<<<<
(* regular (right) wreath product H wr C with base group H^{carrier C}:
   elements (f, c) with f : carrier C \<rightarrow> carrier H (extensional), c \<in> carrier C;
   (f, c)(g, d) = (\<lambda>x. f x \<cdot> g (x c), c d). *)
definition wreath :: "('a, 'b) monoid_scheme \<Rightarrow> ('c, 'd) monoid_scheme \<Rightarrow> (('c \<Rightarrow> 'a) \<times> 'c) monoid" where
  "wreath H C = \<lparr> carrier = (carrier C \<rightarrow>\<^sub>E carrier H) \<times> carrier C,
     monoid.mult = (\<lambda>(f, c) (g, d). ((\<lambda>x\<in>carrier C. f x \<otimes>\<^bsub>H\<^esub> g (x \<otimes>\<^bsub>C\<^esub> c)), c \<otimes>\<^bsub>C\<^esub> d)),
     one = ((\<lambda>x\<in>carrier C. \<one>\<^bsub>H\<^esub>), \<one>\<^bsub>C\<^esub>) \<rparr>"

definition wreath_F :: "('a, 'b) monoid_scheme \<Rightarrow> ('c, 'd) monoid_scheme \<Rightarrow> (('c \<Rightarrow> 'a) \<times> 'c) set" where
  "wreath_F H C = {(f, \<one>\<^bsub>C\<^esub>) | f. f \<in> carrier C \<rightarrow>\<^sub>E center H \<and>
                     finprod (center_group H) f (carrier C) = \<one>\<^bsub>H\<^esub>}"

end

theory Submission
  imports Defs
begin

text \<open>
  The centre of \<open>J = W/F\<close> is the image of the embedding \<open>a \<mapsto> F (\<delta>\<^sub>a, 1)\<close> of
  \<open>Z(H)\<close>, where \<open>\<delta>\<^sub>a\<close> is \<open>a\<close> at the identity of \<open>C\<close> and \<open>1\<close> elsewhere.
  Modulo \<open>F\<close> a central base element is determined by the product of its coordinates,
  and conjugation by \<open>W\<close> only permutes the coordinates, so the embedding is an
  injective homomorphism into \<open>Z(J)\<close>. Conversely, let \<open>F (f, c)\<close> be central. Commuting
  \<open>(f, c)\<close> with the base element that is a non-central \<open>h \<in> H\<close> at coordinate \<open>c\<close> and
  \<open>1\<close> elsewhere forces \<open>c = 1\<close>. Commuting it with a base element supported at a single
  coordinate \<open>y\<close> forces the correcting element of \<open>F\<close> to be concentrated at \<open>y\<close>,
  hence trivial, so that \<open>f(y)\<close> is central. Thus \<open>Z(J) \<cong> Z(H)\<close> is cyclic.

  Since \<open>J\<close> is a \<open>p\<close>-group, the class equation shows that every nontrivial normal
  subgroup meets \<open>Z(J)\<close> nontrivially, and every nontrivial subgroup of the cyclic
  \<open>p\<close>-group \<open>Z(J)\<close> contains its subgroup of order \<open>p\<close>; that subgroup therefore lies in
  every nontrivial normal subgroup of \<open>J\<close>.
\<close>

section \<open>Centres of finite \<open>p\<close>-groups\<close>

lemma prime_dvd_of_dvd_prime_power:
  fixes p d :: nat
  assumes "Factorial_Ring.prime p" "d dvd p ^ k" "d \<noteq> 1"
  shows "p dvd d"
  using assms by (metis divides_primepow_nat dvd_power le_zero_eq not_le power_0)
definition poisson_structure :: "('a::euclidean_space \<Rightarrow> 'a \<Rightarrow> 'a \<Rightarrow> real) \<Rightarrow> bool" where
  "poisson_structure P \<longleftrightarrow>
     (\<forall>x. bilinear (P x) \<and> (\<forall>u v. P x u v = - P x v u)) \<and>
     (\<forall>f g. smooth_fun f \<and> smooth_fun g \<longrightarrow> smooth_fun (pbracket P f g)) \<and>
     (\<forall>f g h. smooth_fun f \<and> smooth_fun g \<and> smooth_fun h \<longrightarrow>
        (\<forall>x. pbracket P f (pbracket P g h) x + pbracket P g (pbracket P h f) x
              + pbracket P h (pbracket P f g) x = 0))"

text \<open>Product Poisson structure on M \<times> M, and on M \<times> M \<times> M-bar (opposite structure on the
third factor).\<close>
definition prod_bivector :: "('a::euclidean_space \<Rightarrow> 'a \<Rightarrow> 'a \<Rightarrow> real)
    \<Rightarrow> 'a \<times> 'a \<Rightarrow> 'a \<times> 'a \<Rightarrow> 'a \<times> 'a \<Rightarrow> real" where
  "prod_bivector P x u v = P (fst x) (fst u) (fst v) + P (snd x) (snd u) (snd v)"

definition triple_bar_bivector :: "('a::euclidean_space \<Rightarrow> 'a \<Rightarrow> 'a \<Rightarrow> real)
    \<Rightarrow> 'a \<times> 'a \<times> 'a \<Rightarrow> 'a \<times> 'a \<times> 'a \<Rightarrow> 'a \<times> 'a \<times> 'a \<Rightarrow> real" where
  "triple_bar_bivector P x u v =
     P (fst x) (fst u) (fst v) + P (fst (snd x)) (fst (snd u)) (fst (snd v))
     - P (snd (snd x)) (snd (snd u)) (snd (snd v))"

definition coisotropic :: "('a::euclidean_space \<Rightarrow> 'a \<Rightarrow> 'a \<Rightarrow> real) \<Rightarrow> 'a set \<Rightarrow> bool" where
  "coisotropic P C \<longleftrightarrow>
     (\<forall>f g. smooth_fun f \<and> smooth_fun g \<and> (\<forall>c\<in>C. f c = 0) \<and> (\<forall>c\<in>C. g c = 0) \<longrightarrow>
        (\<forall>c\<in>C. pbracket P f g c = 0))"

definition poisson_map :: "('a::euclidean_space \<Rightarrow> 'a \<Rightarrow> 'a \<Rightarrow> real)
    \<Rightarrow> ('b::euclidean_space \<Rightarrow> 'b \<Rightarrow> 'b \<Rightarrow> real) \<Rightarrow> ('a \<Rightarrow> 'b) \<Rightarrow> bool" where
  "poisson_map P Q F \<longleftrightarrow>
     (\<forall>f g. smooth_fun f \<and> smooth_fun g \<longrightarrow>
        (\<forall>x. pbracket P (f \<circ> F) (g \<circ> F) x = pbracket Q f g (F x)))"
lemma comm_group_obj_Inv:
  assumes A: "in_var ar E A"
  shows "comm_group_obj ar E (restr A (Inv z p A)) (plus p A) (zero z A) (neg z p A)"
proof -
  have plus_Inv: "\<forall>x\<in>Inv z p A. \<forall>y\<in>Inv z p A. plus p A x y \<in> Inv z p A"
    using subalg_Inv[OF A] ar_plus unfolding subalg_def plus_def by simp
  have zero_Inv: "zero z A \<in> Inv z p A"
    using Inv_iff[OF A] zero_closed[OF A] plus_zero_right[OF A] by blast
  note carrier = Inv_carrier[of _ z p A]
  show ?thesis
    unfolding comm_group_obj_def group_obj_def restr_simps
  proof (intro conjI ballI)
    show "in_var ar E (restr A (Inv z p A))" using in_var_restr[OF A subalg_Inv[OF A]] .
    show "hom ar (prod_alg (restr A (Inv z p A)) (restr A (Inv z p A))) (restr A (Inv z p A))
        (case_prod (plus p A))"
      using hom_plus_prod[OF A Inv_sub plus_Inv] .
    show "hom ar term_alg (restr A (Inv z p A)) (\<lambda>_. zero z A)"
      using hom_zero_term_alg[OF A zero_Inv] .
    show "hom ar (restr A (Inv z p A)) (restr A (Inv z p A)) (neg z p A)"
      using hom_neg_Inv[OF A] .
    show "plus p A (plus p A x y) w = plus p A x (plus p A y w)"
      if "x \<in> Inv z p A" "y \<in> Inv z p A" "w \<in> Inv z p A" for x y w
      using plus_assoc[OF A] carrier that by blast
    show "plus p A (zero z A) x = x" "plus p A x (zero z A) = x" if "x \<in> Inv z p A" for x
      using plus_zero_left[OF A] plus_zero_right[OF A] carrier that by blast+
    show "plus p A x (neg z p A x) = zero z A" "plus p A (neg z p A x) x = zero z A"
      if "x \<in> Inv z p A" for x
      using neg_inverse(2,3)[OF A that] by auto
    show "plus p A x y = plus p A y x" if "x \<in> Inv z p A" "y \<in> Inv z p A" for x y
      using plus_commute[OF A] carrier that by blast
  qed
qed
>>>>
▶ **Your instructions**
Copy the records above exactly, beginning at the line that contains "third factor).\<close>" and stopping after the line that contains "(snd x) (snd".

▶ **Written reply**
third factor).\<close>
definition prod_bivector :: "('a::euclidean_space \<Rightarrow> 'a \<Rightarrow> 'a \<Rightarrow> real)
    \<Rightarrow> 'a \<times> 'a \<Rightarrow> 'a \<times> 'a \<Rightarrow> 'a \<times> 'a \<Rightarrow> real" where
  "prod_bivector P x u v = P (fst x) (fst u) (fst v) + P (snd x) (snd u) (snd v)"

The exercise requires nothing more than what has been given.